Assignment>
In the records below, work out how many lines hold the word "omega". Report the number alone.

(Data records)
* * *

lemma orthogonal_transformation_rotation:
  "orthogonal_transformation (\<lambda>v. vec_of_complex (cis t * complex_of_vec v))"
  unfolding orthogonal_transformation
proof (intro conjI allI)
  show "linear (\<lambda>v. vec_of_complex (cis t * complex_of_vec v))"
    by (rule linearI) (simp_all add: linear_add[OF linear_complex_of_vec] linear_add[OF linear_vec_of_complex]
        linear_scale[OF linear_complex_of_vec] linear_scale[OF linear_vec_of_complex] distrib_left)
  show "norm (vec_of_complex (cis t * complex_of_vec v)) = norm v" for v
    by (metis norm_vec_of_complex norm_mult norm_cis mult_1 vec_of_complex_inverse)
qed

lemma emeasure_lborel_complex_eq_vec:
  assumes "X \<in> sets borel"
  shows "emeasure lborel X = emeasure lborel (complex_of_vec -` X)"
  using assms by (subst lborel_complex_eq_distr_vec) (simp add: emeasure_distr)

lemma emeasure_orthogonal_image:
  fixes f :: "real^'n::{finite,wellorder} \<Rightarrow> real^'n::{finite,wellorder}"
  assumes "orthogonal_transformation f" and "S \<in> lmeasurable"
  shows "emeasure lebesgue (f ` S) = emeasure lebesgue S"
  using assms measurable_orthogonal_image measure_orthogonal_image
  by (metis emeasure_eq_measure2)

* * *

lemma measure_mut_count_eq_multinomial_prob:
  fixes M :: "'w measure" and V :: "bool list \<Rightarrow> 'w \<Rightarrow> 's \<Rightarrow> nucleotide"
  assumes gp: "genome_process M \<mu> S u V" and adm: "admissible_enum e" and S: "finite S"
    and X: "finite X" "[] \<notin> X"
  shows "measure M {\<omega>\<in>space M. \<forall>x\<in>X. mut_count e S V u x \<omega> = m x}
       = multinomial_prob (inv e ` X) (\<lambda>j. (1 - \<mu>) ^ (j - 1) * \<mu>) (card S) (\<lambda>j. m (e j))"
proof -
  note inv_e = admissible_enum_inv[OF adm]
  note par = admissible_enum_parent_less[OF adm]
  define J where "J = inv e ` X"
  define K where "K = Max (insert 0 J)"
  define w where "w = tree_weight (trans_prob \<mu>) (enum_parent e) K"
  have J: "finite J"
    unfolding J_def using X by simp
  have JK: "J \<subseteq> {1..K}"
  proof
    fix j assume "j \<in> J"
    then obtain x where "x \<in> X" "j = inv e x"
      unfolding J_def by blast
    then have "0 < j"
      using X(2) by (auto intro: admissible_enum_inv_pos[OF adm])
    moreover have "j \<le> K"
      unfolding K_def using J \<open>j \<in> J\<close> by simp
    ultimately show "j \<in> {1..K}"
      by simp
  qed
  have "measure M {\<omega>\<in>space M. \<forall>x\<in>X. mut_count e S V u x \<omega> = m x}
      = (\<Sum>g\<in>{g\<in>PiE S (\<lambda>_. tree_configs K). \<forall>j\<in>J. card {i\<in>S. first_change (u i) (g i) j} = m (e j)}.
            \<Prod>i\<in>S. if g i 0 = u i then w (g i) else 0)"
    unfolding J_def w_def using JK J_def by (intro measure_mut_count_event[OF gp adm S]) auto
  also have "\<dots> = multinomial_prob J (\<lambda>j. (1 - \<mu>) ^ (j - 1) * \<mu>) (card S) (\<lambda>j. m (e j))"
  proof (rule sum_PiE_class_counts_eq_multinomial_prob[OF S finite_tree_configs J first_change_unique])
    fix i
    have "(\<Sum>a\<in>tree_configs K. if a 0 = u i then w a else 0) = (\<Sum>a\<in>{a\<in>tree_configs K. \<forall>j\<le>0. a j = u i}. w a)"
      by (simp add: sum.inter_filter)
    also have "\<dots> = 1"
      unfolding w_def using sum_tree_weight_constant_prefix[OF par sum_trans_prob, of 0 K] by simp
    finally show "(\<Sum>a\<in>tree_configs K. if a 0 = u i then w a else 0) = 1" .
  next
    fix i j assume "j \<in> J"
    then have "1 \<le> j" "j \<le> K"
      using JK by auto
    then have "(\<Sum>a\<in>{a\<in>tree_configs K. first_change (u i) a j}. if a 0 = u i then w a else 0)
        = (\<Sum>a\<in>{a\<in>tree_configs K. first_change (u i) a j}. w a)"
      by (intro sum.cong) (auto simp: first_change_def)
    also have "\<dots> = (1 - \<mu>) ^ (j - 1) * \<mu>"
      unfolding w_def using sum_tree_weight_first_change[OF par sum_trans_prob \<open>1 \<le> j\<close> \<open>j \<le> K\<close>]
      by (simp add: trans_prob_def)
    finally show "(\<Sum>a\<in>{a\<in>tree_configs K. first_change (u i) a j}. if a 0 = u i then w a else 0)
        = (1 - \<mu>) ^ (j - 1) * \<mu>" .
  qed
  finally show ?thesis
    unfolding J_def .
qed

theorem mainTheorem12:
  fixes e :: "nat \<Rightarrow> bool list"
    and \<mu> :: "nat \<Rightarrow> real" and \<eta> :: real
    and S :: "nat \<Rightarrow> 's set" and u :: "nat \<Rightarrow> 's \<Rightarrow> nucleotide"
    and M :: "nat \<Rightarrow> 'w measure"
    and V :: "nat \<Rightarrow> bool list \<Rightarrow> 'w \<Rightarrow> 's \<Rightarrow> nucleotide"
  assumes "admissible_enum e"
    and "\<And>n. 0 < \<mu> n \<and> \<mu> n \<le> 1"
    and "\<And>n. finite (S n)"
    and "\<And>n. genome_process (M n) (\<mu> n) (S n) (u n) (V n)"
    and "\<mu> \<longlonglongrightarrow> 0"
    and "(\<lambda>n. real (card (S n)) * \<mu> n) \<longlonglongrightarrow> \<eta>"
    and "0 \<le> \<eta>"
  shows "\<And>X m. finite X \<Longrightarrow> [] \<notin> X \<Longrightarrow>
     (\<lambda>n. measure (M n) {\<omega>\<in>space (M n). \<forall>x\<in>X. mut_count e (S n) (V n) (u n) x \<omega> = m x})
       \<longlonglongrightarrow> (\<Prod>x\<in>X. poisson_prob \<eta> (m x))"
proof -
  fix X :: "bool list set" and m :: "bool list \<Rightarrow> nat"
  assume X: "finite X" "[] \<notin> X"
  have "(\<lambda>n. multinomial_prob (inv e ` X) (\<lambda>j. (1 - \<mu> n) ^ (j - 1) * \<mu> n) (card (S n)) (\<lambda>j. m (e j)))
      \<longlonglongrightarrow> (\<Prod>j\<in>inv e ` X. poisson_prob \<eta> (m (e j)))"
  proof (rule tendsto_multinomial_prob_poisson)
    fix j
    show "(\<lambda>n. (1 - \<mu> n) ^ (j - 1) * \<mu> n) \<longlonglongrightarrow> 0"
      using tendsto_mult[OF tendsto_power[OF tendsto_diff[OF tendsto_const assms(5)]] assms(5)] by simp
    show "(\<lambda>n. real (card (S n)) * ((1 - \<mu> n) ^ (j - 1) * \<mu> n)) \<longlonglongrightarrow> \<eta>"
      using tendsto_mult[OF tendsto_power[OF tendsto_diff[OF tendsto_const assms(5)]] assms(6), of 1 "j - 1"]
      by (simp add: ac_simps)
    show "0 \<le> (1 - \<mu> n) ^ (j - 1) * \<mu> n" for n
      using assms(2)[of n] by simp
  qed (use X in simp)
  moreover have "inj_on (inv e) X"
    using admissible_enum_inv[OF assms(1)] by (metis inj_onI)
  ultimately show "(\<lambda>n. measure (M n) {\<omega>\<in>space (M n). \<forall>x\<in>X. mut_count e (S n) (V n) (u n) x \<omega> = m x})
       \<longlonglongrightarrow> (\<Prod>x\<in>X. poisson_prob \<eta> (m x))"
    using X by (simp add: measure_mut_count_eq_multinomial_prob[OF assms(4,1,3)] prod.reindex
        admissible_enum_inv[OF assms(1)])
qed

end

* * *

Exercise solution>
4